- **EXERCISE**: In the listing below, a line holding "using measure_accepted[OF assms" and a line holding "using AE_accept_prob_reward_cdf_pos[OF assms(1,2,4)]" mark the range. Retype both exactly, with all lines between them.

- **EXTRACTED MATERIAL**:
=-=-=-=-=
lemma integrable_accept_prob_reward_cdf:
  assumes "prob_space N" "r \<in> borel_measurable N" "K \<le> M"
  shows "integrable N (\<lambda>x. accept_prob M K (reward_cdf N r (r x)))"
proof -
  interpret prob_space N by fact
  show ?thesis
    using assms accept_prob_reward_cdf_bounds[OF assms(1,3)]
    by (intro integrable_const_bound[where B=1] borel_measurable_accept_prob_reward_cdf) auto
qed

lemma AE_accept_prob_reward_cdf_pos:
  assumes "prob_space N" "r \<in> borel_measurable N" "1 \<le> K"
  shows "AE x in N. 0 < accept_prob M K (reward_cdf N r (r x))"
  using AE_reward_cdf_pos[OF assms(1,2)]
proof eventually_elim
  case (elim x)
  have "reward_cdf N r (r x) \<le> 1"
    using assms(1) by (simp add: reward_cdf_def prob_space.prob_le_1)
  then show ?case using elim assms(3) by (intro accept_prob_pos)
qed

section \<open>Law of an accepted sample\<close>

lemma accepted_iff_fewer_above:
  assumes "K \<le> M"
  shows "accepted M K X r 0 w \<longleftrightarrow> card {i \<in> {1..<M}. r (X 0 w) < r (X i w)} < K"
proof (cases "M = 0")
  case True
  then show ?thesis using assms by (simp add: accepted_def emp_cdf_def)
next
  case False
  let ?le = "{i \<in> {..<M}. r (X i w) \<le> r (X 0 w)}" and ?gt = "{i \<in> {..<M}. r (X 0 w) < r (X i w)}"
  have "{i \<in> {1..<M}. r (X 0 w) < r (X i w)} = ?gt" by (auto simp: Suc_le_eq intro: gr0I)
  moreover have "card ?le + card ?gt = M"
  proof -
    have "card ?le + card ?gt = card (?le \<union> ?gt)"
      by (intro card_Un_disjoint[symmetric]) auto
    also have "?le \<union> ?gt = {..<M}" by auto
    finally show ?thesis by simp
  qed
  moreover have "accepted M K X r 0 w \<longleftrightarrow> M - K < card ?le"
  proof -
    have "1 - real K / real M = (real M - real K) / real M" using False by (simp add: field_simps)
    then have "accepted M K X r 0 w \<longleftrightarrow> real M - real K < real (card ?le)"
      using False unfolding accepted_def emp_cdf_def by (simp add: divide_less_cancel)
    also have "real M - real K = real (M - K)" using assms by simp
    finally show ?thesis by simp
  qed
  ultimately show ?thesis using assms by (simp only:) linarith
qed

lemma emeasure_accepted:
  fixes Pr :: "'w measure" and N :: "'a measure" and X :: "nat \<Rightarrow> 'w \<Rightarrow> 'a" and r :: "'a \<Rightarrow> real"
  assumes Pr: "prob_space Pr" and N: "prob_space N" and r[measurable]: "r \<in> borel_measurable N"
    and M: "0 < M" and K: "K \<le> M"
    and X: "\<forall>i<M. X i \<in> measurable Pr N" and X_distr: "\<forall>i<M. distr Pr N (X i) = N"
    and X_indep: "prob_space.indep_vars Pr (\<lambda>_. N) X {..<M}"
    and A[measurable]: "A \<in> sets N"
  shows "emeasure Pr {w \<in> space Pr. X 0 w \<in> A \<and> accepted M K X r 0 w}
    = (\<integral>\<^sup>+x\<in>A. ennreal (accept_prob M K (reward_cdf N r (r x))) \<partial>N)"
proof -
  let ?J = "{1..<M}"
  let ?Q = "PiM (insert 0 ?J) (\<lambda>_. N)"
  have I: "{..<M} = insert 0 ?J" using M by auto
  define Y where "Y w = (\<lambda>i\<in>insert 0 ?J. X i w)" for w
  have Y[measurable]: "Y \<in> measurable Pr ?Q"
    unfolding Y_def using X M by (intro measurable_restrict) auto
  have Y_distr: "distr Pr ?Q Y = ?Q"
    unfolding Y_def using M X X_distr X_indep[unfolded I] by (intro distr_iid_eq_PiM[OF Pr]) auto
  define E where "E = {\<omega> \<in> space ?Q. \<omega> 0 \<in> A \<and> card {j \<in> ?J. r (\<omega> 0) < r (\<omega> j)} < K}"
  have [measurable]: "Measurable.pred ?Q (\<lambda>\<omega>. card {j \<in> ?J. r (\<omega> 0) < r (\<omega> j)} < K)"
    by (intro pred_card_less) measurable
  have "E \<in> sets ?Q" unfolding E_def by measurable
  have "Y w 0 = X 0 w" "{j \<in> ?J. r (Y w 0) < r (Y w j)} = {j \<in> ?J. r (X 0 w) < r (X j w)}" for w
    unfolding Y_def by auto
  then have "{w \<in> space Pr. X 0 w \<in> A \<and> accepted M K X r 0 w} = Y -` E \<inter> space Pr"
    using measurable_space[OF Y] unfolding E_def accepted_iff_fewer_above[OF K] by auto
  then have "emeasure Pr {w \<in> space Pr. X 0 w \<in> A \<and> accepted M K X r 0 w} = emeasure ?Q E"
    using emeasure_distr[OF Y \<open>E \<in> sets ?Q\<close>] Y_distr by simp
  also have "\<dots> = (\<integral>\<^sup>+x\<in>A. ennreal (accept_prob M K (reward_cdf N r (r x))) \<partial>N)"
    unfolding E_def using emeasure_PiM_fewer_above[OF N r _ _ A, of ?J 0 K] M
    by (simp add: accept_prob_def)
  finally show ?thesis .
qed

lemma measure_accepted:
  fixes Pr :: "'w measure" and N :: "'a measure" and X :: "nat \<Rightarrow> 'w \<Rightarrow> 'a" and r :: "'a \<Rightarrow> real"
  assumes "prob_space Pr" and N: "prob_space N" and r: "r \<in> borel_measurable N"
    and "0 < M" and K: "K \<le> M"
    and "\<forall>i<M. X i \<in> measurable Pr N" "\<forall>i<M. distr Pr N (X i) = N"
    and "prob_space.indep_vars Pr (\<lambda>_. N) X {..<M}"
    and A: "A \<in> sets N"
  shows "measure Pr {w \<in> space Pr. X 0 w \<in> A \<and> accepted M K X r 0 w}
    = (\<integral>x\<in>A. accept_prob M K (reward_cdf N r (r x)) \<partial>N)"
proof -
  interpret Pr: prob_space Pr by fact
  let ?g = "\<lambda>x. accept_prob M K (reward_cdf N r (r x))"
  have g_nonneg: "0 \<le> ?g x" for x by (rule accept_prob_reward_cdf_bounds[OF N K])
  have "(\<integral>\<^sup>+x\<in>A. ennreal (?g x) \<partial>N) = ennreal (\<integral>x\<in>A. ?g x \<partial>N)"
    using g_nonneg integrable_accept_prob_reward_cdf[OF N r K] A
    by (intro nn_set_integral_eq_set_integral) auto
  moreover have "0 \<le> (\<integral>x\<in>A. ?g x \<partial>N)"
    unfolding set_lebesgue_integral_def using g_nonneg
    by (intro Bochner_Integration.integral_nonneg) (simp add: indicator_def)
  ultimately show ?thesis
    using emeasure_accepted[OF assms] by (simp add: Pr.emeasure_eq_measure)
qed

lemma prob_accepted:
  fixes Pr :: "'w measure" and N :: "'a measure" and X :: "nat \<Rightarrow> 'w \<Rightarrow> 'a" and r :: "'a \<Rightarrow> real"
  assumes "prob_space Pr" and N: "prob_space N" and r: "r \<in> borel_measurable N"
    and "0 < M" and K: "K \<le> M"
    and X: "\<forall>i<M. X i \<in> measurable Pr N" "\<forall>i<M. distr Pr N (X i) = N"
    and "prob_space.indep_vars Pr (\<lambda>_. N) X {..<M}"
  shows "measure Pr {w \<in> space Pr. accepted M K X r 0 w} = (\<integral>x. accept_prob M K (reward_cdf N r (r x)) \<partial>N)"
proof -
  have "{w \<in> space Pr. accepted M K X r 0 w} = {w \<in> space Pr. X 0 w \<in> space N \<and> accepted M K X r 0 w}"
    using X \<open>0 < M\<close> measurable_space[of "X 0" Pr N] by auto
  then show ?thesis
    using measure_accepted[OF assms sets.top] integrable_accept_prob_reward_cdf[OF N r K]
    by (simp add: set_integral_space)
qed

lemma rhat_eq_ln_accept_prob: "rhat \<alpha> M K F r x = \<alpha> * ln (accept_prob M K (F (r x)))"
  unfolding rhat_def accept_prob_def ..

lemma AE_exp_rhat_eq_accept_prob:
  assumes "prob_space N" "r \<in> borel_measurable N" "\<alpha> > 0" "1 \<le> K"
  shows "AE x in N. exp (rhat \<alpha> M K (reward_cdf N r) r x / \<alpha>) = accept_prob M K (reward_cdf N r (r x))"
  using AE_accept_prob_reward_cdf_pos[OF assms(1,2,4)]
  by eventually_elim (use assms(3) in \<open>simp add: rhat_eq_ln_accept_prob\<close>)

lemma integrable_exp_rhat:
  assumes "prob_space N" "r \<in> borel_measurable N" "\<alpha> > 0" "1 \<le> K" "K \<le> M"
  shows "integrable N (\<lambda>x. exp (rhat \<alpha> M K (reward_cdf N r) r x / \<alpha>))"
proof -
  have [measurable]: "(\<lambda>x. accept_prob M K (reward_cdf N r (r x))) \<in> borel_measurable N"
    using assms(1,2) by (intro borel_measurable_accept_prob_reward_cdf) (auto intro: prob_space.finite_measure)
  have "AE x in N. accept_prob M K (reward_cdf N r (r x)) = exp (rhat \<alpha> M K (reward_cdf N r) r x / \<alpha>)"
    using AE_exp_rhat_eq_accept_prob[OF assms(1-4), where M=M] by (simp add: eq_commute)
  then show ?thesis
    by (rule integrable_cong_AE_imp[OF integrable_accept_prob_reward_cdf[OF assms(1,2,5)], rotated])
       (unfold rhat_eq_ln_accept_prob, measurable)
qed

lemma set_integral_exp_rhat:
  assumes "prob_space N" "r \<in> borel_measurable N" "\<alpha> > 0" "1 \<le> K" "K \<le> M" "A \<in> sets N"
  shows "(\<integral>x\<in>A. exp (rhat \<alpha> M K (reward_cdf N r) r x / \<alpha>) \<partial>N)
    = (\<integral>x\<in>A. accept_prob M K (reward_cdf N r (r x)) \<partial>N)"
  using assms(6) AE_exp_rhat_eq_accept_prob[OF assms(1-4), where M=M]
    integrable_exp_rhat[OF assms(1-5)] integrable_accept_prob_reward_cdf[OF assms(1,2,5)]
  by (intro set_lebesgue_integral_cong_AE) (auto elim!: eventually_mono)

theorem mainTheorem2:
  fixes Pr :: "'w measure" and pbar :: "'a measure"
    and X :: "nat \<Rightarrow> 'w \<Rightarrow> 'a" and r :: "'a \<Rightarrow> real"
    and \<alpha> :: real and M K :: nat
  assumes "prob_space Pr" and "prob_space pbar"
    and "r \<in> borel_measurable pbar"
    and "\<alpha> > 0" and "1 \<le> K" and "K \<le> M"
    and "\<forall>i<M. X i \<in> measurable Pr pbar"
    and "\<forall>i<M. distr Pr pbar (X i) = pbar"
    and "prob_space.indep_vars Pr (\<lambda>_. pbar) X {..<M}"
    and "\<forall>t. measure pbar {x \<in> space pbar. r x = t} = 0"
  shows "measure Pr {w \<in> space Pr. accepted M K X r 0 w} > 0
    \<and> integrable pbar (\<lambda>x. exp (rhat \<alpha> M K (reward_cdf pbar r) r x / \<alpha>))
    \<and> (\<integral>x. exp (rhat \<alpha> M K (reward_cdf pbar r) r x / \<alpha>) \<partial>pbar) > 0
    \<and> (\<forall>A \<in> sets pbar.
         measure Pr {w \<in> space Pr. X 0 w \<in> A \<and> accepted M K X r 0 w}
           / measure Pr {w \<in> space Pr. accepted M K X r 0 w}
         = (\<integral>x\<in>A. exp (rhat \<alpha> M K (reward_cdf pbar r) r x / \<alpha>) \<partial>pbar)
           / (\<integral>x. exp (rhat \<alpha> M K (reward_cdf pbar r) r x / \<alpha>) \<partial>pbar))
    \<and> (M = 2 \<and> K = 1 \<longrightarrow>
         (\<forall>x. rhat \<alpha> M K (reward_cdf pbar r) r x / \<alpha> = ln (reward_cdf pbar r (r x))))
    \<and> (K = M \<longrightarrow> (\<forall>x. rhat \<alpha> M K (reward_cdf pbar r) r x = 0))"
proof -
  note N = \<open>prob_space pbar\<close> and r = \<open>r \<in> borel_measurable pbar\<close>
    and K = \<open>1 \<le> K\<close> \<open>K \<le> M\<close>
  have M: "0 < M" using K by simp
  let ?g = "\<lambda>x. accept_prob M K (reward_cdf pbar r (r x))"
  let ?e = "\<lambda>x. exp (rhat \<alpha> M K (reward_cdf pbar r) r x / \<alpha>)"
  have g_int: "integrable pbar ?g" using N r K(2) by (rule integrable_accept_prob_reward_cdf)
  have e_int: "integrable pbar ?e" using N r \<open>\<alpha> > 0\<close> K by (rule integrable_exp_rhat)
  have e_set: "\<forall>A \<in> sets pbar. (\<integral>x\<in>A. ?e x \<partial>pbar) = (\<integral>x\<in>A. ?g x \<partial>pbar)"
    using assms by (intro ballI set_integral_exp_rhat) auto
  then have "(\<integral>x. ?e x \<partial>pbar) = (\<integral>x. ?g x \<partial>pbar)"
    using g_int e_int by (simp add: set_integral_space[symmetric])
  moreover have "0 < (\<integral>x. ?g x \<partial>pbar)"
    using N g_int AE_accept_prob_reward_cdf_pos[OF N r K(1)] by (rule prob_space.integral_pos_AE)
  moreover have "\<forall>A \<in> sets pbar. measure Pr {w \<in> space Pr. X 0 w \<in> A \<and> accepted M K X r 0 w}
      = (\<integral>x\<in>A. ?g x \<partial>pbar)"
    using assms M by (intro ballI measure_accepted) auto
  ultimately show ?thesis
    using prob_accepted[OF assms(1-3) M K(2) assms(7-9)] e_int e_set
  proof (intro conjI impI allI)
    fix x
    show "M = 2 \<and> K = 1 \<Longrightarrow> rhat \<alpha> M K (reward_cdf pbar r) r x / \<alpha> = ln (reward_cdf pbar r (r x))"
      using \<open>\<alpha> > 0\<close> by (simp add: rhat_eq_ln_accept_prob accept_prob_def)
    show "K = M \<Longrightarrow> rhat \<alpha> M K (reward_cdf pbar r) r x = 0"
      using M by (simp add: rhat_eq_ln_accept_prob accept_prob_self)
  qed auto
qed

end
=-=-=-=-=
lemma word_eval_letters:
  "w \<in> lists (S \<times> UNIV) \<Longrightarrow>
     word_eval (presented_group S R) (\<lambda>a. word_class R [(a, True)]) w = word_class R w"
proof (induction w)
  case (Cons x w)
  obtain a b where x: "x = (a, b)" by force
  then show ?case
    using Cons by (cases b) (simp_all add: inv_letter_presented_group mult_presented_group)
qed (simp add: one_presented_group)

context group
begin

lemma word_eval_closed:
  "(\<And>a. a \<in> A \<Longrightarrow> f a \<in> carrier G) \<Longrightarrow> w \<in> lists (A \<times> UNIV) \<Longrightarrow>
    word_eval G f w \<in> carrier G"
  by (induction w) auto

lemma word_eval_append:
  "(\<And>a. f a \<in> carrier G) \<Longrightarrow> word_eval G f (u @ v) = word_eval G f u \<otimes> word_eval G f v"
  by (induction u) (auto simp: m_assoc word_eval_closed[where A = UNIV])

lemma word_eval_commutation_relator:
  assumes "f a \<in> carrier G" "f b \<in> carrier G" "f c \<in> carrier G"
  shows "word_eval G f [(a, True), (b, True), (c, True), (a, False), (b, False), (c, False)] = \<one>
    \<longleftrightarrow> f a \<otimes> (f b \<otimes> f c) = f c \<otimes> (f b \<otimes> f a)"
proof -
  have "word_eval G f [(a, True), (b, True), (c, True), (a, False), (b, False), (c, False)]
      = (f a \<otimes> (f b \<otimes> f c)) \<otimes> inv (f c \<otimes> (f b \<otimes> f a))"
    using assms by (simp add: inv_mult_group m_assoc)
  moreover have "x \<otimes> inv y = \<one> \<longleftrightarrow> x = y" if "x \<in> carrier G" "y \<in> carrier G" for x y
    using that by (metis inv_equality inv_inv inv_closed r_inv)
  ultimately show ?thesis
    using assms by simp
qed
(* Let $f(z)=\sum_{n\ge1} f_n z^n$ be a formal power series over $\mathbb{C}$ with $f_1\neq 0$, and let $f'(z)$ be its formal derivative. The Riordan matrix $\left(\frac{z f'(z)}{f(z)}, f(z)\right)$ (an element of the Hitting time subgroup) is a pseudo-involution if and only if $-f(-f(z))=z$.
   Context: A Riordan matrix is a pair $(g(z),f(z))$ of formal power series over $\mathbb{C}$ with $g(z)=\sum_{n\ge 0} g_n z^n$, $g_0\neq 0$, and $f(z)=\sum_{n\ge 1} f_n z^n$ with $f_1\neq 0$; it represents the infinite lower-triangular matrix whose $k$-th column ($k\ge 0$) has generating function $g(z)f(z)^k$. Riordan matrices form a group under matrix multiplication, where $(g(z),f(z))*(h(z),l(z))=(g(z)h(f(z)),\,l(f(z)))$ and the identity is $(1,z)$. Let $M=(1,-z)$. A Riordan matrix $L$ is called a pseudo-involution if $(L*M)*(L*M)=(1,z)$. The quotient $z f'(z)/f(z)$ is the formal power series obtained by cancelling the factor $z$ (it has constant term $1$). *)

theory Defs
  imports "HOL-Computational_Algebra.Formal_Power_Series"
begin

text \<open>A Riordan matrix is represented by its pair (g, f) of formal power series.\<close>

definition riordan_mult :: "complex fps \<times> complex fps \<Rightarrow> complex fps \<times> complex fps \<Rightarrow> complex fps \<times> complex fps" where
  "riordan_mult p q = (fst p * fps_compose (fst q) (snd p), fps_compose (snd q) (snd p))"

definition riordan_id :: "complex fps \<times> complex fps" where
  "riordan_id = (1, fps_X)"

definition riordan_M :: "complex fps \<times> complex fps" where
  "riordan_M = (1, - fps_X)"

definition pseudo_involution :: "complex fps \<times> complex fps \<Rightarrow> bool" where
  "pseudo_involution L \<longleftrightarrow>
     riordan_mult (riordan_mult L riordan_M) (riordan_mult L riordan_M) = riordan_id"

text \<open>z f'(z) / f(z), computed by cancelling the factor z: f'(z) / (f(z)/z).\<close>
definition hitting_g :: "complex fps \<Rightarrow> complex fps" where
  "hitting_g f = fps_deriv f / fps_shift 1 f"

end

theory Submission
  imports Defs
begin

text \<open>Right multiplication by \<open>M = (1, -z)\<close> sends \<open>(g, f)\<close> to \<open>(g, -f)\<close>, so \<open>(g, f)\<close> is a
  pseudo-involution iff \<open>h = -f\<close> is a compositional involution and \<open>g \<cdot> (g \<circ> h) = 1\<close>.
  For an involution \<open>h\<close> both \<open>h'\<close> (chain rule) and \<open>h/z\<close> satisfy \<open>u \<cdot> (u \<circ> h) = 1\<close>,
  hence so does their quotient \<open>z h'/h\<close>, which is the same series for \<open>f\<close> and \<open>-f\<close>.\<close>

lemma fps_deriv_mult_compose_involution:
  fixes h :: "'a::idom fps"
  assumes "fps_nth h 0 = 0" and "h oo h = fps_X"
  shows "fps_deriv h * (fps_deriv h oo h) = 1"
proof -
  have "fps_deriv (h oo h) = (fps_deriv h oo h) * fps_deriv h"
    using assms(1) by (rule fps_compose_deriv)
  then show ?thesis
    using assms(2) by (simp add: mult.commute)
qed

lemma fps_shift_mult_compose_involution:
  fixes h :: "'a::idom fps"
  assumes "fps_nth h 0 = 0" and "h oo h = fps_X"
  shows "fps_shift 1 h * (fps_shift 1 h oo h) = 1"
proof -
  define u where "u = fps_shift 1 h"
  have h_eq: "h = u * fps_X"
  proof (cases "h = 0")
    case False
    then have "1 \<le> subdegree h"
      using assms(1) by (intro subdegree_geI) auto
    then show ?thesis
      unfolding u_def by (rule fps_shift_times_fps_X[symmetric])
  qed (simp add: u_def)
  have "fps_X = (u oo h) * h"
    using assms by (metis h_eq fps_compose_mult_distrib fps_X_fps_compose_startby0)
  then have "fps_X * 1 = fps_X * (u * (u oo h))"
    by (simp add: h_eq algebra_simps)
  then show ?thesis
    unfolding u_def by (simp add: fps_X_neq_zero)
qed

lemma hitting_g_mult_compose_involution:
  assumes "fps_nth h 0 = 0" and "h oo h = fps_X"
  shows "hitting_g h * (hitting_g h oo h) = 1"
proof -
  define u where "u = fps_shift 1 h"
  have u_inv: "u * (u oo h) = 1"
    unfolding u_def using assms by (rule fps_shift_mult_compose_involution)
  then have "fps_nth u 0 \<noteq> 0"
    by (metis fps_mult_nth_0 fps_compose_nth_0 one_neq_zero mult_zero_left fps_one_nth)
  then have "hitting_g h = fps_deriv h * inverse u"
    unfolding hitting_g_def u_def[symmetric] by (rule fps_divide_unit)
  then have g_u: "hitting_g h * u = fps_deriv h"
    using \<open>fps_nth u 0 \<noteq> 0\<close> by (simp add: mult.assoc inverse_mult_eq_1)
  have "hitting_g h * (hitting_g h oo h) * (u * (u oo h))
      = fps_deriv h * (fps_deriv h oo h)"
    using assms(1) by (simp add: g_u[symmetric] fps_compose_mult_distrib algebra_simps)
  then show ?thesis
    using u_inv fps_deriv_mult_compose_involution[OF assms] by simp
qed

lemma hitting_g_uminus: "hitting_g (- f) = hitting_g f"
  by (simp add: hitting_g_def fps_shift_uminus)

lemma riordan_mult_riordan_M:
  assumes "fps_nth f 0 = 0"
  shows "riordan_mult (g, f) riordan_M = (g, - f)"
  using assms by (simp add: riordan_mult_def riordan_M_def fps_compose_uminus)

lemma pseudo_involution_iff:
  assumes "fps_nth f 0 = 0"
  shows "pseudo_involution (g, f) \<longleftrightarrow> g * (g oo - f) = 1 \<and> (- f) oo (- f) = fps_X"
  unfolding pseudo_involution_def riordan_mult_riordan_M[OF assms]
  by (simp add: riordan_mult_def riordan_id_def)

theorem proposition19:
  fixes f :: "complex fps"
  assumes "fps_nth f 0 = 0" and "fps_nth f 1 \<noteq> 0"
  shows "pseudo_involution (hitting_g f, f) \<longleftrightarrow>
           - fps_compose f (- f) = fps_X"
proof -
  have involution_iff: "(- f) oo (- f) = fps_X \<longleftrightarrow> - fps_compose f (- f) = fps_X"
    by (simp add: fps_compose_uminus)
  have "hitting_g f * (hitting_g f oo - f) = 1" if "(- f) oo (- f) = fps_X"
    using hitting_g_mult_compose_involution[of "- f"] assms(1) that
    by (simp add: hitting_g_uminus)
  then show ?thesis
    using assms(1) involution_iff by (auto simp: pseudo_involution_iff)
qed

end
=-=-=-=-=
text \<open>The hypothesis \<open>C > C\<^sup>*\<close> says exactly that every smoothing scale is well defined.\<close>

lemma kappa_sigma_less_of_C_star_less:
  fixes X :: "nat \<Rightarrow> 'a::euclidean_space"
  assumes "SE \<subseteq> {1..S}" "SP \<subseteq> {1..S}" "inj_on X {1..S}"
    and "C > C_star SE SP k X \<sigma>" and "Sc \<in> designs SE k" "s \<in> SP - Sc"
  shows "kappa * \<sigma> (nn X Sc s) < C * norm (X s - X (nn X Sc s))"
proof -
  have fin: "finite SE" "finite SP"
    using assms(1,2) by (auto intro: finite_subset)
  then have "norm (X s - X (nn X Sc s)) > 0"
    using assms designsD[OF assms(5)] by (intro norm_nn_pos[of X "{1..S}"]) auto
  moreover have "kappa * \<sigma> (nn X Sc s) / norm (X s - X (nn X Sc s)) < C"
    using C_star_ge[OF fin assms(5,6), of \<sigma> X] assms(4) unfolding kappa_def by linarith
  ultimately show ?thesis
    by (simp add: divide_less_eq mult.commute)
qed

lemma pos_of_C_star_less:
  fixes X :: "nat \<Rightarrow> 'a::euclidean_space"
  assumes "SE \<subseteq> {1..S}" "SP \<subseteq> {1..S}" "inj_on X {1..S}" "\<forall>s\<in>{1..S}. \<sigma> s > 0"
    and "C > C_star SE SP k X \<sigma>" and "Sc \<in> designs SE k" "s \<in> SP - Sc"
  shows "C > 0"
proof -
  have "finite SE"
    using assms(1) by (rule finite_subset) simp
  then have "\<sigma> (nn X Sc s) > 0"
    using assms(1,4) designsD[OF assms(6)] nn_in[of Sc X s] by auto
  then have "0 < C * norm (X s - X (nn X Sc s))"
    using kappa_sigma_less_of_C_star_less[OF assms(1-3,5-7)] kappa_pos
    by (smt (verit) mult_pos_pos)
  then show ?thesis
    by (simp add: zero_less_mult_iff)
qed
=-=-=-=-=
- **SOLUTION**:
    using measure_accepted[OF assms sets.top] integrable_accept_prob_reward_cdf[OF N r K]
    by (simp add: set_integral_space)
qed

lemma rhat_eq_ln_accept_prob: "rhat \<alpha> M K F r x = \<alpha> * ln (accept_prob M K (F (r x)))"
  unfolding rhat_def accept_prob_def ..

lemma AE_exp_rhat_eq_accept_prob:
  assumes "prob_space N" "r \<in> borel_measurable N" "\<alpha> > 0" "1 \<le> K"
  shows "AE x in N. exp (rhat \<alpha> M K (reward_cdf N r) r x / \<alpha>) = accept_prob M K (reward_cdf N r (r x))"
  using AE_accept_prob_reward_cdf_pos[OF assms(1,2,4)]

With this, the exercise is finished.